WORK INSTRUCTION: In the records below, find the line containing "P \<longleftrightarrow> is_ideal" and restate it and all lines after it exactly, through the last line.

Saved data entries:
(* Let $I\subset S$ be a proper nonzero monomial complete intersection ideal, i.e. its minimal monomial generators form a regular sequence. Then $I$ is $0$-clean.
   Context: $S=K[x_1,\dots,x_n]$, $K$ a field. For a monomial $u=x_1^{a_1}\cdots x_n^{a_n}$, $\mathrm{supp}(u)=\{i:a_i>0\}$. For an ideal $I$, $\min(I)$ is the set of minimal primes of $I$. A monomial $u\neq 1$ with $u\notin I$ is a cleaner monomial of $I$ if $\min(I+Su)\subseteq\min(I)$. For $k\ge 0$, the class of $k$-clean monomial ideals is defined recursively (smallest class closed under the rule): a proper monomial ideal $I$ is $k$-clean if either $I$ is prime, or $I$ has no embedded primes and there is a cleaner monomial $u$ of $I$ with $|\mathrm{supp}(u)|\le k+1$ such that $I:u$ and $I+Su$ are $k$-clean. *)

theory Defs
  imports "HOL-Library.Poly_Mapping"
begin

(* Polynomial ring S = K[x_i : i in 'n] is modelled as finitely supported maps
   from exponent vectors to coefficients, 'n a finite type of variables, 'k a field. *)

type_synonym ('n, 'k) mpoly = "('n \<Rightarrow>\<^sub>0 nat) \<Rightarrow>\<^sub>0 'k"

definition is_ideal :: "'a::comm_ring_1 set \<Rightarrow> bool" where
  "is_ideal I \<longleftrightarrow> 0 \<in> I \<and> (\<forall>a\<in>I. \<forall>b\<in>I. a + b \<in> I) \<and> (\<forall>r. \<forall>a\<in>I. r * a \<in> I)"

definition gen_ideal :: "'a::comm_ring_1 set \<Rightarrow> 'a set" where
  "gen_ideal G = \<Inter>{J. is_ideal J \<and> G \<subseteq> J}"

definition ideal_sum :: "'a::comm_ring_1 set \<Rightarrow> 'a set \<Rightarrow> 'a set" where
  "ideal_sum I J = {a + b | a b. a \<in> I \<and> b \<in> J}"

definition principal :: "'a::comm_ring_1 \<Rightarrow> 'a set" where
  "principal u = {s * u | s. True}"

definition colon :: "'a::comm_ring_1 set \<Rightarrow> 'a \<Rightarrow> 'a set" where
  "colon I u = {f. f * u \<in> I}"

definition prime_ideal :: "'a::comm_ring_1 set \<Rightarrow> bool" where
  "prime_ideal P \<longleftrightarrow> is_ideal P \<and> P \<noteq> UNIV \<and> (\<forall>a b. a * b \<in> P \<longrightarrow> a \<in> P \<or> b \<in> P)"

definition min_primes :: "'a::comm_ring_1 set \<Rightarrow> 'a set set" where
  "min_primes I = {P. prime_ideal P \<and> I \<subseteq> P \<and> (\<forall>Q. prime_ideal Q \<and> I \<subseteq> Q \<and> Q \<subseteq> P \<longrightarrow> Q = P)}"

YOUR SOLUTION:
  "prime_ideal P \<longleftrightarrow> is_ideal P \<and> P \<noteq> UNIV \<and> (\<forall>a b. a * b \<in> P \<longrightarrow> a \<in> P \<or> b \<in> P)"

definition min_primes :: "'a::comm_ring_1 set \<Rightarrow> 'a set set" where
  "min_primes I = {P. prime_ideal P \<and> I \<subseteq> P \<and> (\<forall>Q. prime_ideal Q \<and> I \<subseteq> Q \<and> Q \<subseteq> P \<longrightarrow> Q = P)}"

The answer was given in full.